Abbie looked out the window, saw the ditch. She wondered somewhat idly if they were going to make it, or if the Volvo was simply going to go two wheels deep into the mud. Would the car tip? Would it topple?
She’d braced herself without thinking, and Cal noticed. Of course. He didn’t let go of the wheel, didn’t even glance at her. He kept his eyes on the thin sliver of road between the truck and the ditch. But he noticed.
“C’mon, now,” he murmured to the car like it was a woman. “C’mon baby. Just a little more. A little more.”
The car inched along, tires so close to the edge Abbie couldn’t see anything of the road when she looked out her window. She kept her eyes ahead after that.
It would be okay. Even if he rolls this car into the ditch, we’re going so slow it will be okay. The car can take it. It made it through worse than this.
It wasn’t until all four tires were fully on the pavement again that she realized she’d been holding her breath and gripping her fists so tight she cut her palms. Cal noticed, and he reached a hand to take hers, smearing the tiny half-moons of crimson. Fingers linked. He pulled her hand to his mouth and brushed the knuckles with his lips.
“Okay,” he said, not a question. “You’re okay.”

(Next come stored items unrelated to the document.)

lemma clopenin_odd_part: "clopenin Cantor (odd_part B)"
proof -
  have "continuous_map Cantor euclidean (\<lambda>x. orient_cocycle (first_return B x) x)"
    using continuous_map_glue_levels[where l = "first_return B" and H = orient_cocycle]
      openin_first_return_level[OF B] continuous_orient_cocycle
    by simp
  moreover have "clopenin euclidean {-1 :: int}"
    by (simp add: clopenin_def open_discrete)
  ultimately have "clopenin Cantor {x. orient_cocycle (first_return B x) x \<in> {-1}}"
    using clopenin_continuous_map_preimage by fastforce
  then show ?thesis
    using clopenin_Int[OF B(1)] by (simp add: odd_part_def Collect_conj_eq)
qed

text \<open>The return path of a point of \<open>B\<close> to \<open>odd_part B\<close> is a chain of returns to \<open>B\<close>, all but
  the last of which land outside \<open>odd_part B\<close> and so contribute the sign \<open>1\<close>.\<close>
lemma odd_returns_odd_part:
  assumes "odd_part B \<noteq> {}"
  shows "odd_returns (odd_part B)"
proof -
  let ?U = "odd_part B"
  have U: "clopenin Cantor ?U" "?U \<noteq> {}" "?U \<subseteq> B"
    using clopenin_odd_part assms by (auto simp: odd_part_def)
  have "orient_cocycle (first_return ?U x) x = (if x \<in> ?U then -1 else 1)" if "x \<in> B" for x
    using that
  proof (induction "first_return ?U x" arbitrary: x rule: less_induct)
    case less
    let ?r = "first_return B x" and ?R = "first_return ?U x"
    have sign_r: "orient_cocycle ?r x = (if x \<in> ?U then -1 else 1)"
      using less.prems orient_cocycle_cases[of ?r x] by (auto simp: odd_part_def)
    have "?r \<le> ?R"
      by (rule first_return_mono[OF U(1,2) B(1) U(3)])
    show ?case
    proof (cases "?r = ?R")
      case True
      then show ?thesis using sign_r by simp
    next
      case False
      let ?y = "(\<alpha> ^^ ?r) x"
      have r: "1 \<le> ?r" "?r < ?R"
        using first_return_pos[OF B] \<open>?r \<le> ?R\<close> False by auto
      have "?y \<in> B" "?y \<notin> ?U"
        using funpow_first_return[OF B] before_first_return[OF U(1,2) r] by auto
      moreover have "first_return ?U ?y = ?R - ?r"
        by (rule first_return_funpow[OF U(1,2) r])
      ultimately have "orient_cocycle (?R - ?r) ?y = 1"
        using less.hyps[of ?y] r by simp
      moreover have "orient_cocycle ?R x = orient_cocycle ?r x * orient_cocycle (?R - ?r) ?y"
        using orient_cocycle_add[of ?r "?R - ?r" x] r by simp
      ultimately show ?thesis using sign_r by simp
    qed
  qed
  then show ?thesis
    using U(3) by (auto simp: odd_returns_def)
qed

end

lemma exists_reflecting_sign:
  assumes V: "clopenin Cantor V" "V \<noteq> {}" and s: "s = 1 \<or> s = -1"
  shows "\<exists>U\<subseteq>V. reflecting U \<and> K1_equiv \<alpha> \<phi> x0 (indicator U) (\<lambda>x. s * hphi \<alpha> \<phi> x)"
proof -
  obtain p j k where p: "p \<in> V" "(\<alpha> ^^ j) p = x0" "orient_cocycle j p = s" "j < k"
    "(\<alpha> ^^ k) p \<in> V" "orient_cocycle k p = -1"
    using twisted_return_segment[OF V s] by blast
  obtain B where B: "clopenin Cantor B" "B \<subseteq> V" "p \<in> B" "first_return B p = k"
    using clopen_first_return_eq[OF V(1) p(1,5)] p(4) by auto
  let ?U = "odd_part B"
  have "B \<noteq> {}" using B(3) by auto
  have "p \<in> ?U" using B(3,4) p(6) by (simp add: odd_part_def)
  then have U: "clopenin Cantor ?U" "?U \<noteq> {}" "odd_returns ?U"
    using clopenin_odd_part[OF B(1) \<open>B \<noteq> {}\<close>] odd_returns_odd_part[OF B(1) \<open>B \<noteq> {}\<close>] by auto
  have "?U \<subseteq> B" by (auto simp: odd_part_def)
  then have "j < first_return ?U p"
    using first_return_mono[OF U(1,2) B(1)] B(4) p(4) by (meson order_less_le_trans)
  then have "last_visit ?U x0 = j"
    using last_visit_funpow[OF U(1,2) \<open>p \<in> ?U\<close>] p(2) by blast
  moreover have "(inv \<alpha> ^^ j) x0 = p"
    unfolding p(2)[symmetric] by simp
  ultimately have "last_visit_sign ?U x0 = s"
    using p(3) by (simp add: last_visit_sign_def)
  then have "K1_equiv \<alpha> \<phi> x0 (indicator ?U) (\<lambda>x. s * hphi \<alpha> \<phi> x)"
    using K1_equiv_odd_returns[OF U, of x0] by simp
  moreover have "?U \<subseteq> V" using B(2) \<open>?U \<subseteq> B\<close> by blast
  ultimately show ?thesis
    using reflecting_odd_returns[OF U] by blast
qed

lemma exists_reflecting_multiple:
  assumes s: "s = 1 \<or> s = -1"
  shows "clopenin Cantor V \<Longrightarrow> V \<noteq> {} \<Longrightarrow>
    \<exists>U\<subseteq>V. reflecting U \<and> K1_equiv \<alpha> \<phi> x0 (indicator U) (\<lambda>x. int n * s * hphi \<alpha> \<phi> x)"
proof (induction n arbitrary: V)
  case 0
  have "indicator {} = (\<lambda>x :: cantor. 0 :: int)"
    by (rule ext) simp
  then have "K1_equiv \<alpha> \<phi> x0 (indicator {}) (\<lambda>x. int 0 * s * hphi \<alpha> \<phi> x)"
    using K1_equiv_refl[of \<alpha> \<phi> x0 "\<lambda>x. 0"] by simp
  then show ?case using reflecting_empty by blast
next
  case (Suc n)
  obtain V1 V2 where V: "clopenin Cantor V1" "clopenin Cantor V2" "V1 \<noteq> {}" "V2 \<noteq> {}"
    "V1 \<inter> V2 = {}" "V1 \<union> V2 \<subseteq> V"
    using Cantor_clopen_split[OF Suc.prems] by blast
  obtain U1 where U1: "U1 \<subseteq> V1" "reflecting U1"
    "K1_equiv \<alpha> \<phi> x0 (indicator U1) (\<lambda>x. int n * s * hphi \<alpha> \<phi> x)"
    using Suc.IH[OF V(1,3)] by blast
  obtain U2 where U2: "U2 \<subseteq> V2" "reflecting U2" "K1_equiv \<alpha> \<phi> x0 (indicator U2) (\<lambda>x. s * hphi \<alpha> \<phi> x)"
    using exists_reflecting_sign[OF V(2,4) s] by blast
  have disjoint: "U1 \<inter> U2 = {}" using U1(1) U2(1) V(5) by blast
  have "K1_equiv \<alpha> \<phi> x0 (\<lambda>x. indicator U1 x + indicator U2 x)
      (\<lambda>x. int n * s * hphi \<alpha> \<phi> x + s * hphi \<alpha> \<phi> x)"
    by (rule K1_equiv_add[OF U1(3) U2(3)])
  moreover have "(\<lambda>x. indicator U1 x + indicator U2 x) = (indicator (U1 \<union> U2) :: cantor \<Rightarrow> int)"
    using disjoint by (intro ext) (auto simp: indicator_def)
  moreover have "(\<lambda>x. int n * s * hphi \<alpha> \<phi> x + s * hphi \<alpha> \<phi> x) = (\<lambda>x. int (Suc n) * s * hphi \<alpha> \<phi> x)"
    by (simp add: algebra_simps)
  ultimately show ?case
    using reflecting_Un[OF U1(2) U2(2) disjoint] U1(1) U2(1) V(6) by (metis Un_mono order_trans)
qed

lemma exists_reflecting:
  assumes "clopenin Cantor V" "V \<noteq> {}"
  shows "\<exists>U\<subseteq>V. reflecting U \<and> K1_equiv \<alpha> \<phi> x0 (indicator U) (\<lambda>x. m * hphi \<alpha> \<phi> x)"
proof (cases "0 \<le> m")
  case True
  then have "m = int (nat m) * 1" by simp
  then show ?thesis using exists_reflecting_multiple[where s = 1 and n = "nat m"] assms by metis
next
  case False
  then have "m = int (nat (- m)) * (- 1)" by simp
  then show ?thesis using exists_reflecting_multiple[where s = "- 1" and n = "nat (- m)"] assms by metis
qed

end

theorem lemma6p3:
  fixes \<alpha> :: "cantor \<Rightarrow> cantor" and \<phi> :: "cantor \<Rightarrow> complex \<Rightarrow> complex"
    and x0 :: cantor and m :: int and V :: "cantor set"
  assumes "minimal_homeo Cantor \<alpha>"
    and "\<forall>x. circle_isom (\<phi> x)"
    and "continuous_map (prod_topology Cantor (top_of_set Circ)) euclidean (\<lambda>(x, t). \<phi> x t)"
    and "minimal_homeo (prod_topology Cantor (top_of_set Circ)) (skew \<alpha> \<phi>)"
    and "\<not> orientation_preserving \<alpha> \<phi>"
    and "openin Cantor V" and "closedin Cantor V" and "V \<noteq> {}"
  shows "\<exists>U. openin Cantor U \<and> closedin Cantor U \<and> U \<subseteq> V \<and>
           K1_equiv \<alpha> \<phi> x0 (indicator U) (\<lambda>x. m * hphi \<alpha> \<phi> x) \<and>
           (\<exists>\<sigma> n. full_group_cocycle \<alpha> \<sigma> n \<and> (\<forall>x. x \<notin> U \<longrightarrow> \<sigma> x = x) \<and>
              sstar \<alpha> \<phi> n (indicator U) = (\<lambda>x. - indicator U x))"
proof -
  interpret nonorientable_system \<alpha> \<phi>
    by unfold_locales (use assms(1,2,3,5) in simp_all)
  have "clopenin Cantor V"
    using assms(6,7) by (simp add: clopenin_def)
  then obtain U where U: "U \<subseteq> V" "reflecting U" "K1_equiv \<alpha> \<phi> x0 (indicator U) (\<lambda>x. m * hphi \<alpha> \<phi> x)"
    using exists_reflecting[OF _ assms(8)] by blast
  moreover have "openin Cantor U" "closedin Cantor U"
    using U(2) by (simp_all add: reflecting_def clopenin_def)
  ultimately show ?thesis
    using reflecting_sstar[OF U(2)] by blast
qed

end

In another life, a man like this would’ve made her heart sing, but all Abbie could think was — why now? Why here? But she didn’t let go of his hand until it became apparent he needed both on the wheel in order to navigate the debris on the road.
They’d gone only another mile or so, creeping along at ten or fifteen miles an hour, when they reached another spot where the storm had obviously come through. Cal stopped the car and left it idling, but got out to stare out at the devastation. Abbie got out too, her steps wobbly and uncertain on the buckled concrete.
She didn’t know much about tornados other than what she’d seen in the movies, but this looked…bad. Horrific, as a matter of fact. Her stomach tumbled.
She’d thought there was nothing left back at the motel, but here, truly, the storm had come and taken everything. What must’ve been green fields were now nothing but torn and muddy spaces littered with debris. Dead spaces had taken the place of living.
“Jesus,” Cal said.
“What was here before?” She was almost afraid to ask, afraid he’d say it was his ex’s house or something.
Cal just shook his head and spread his fingers. “Everything. I mean…there were some houses. A convenience store.”
They stared in silence for some long moments. The far off sound of sirens came, lifted on a breeze that sent a shudder all through her. Abbie wondered if she’d ever feel the wind again without remembering how its caress could become a punch.
Back in the car, they drove no more than another five minutes when they found out what had happened to all the buildings.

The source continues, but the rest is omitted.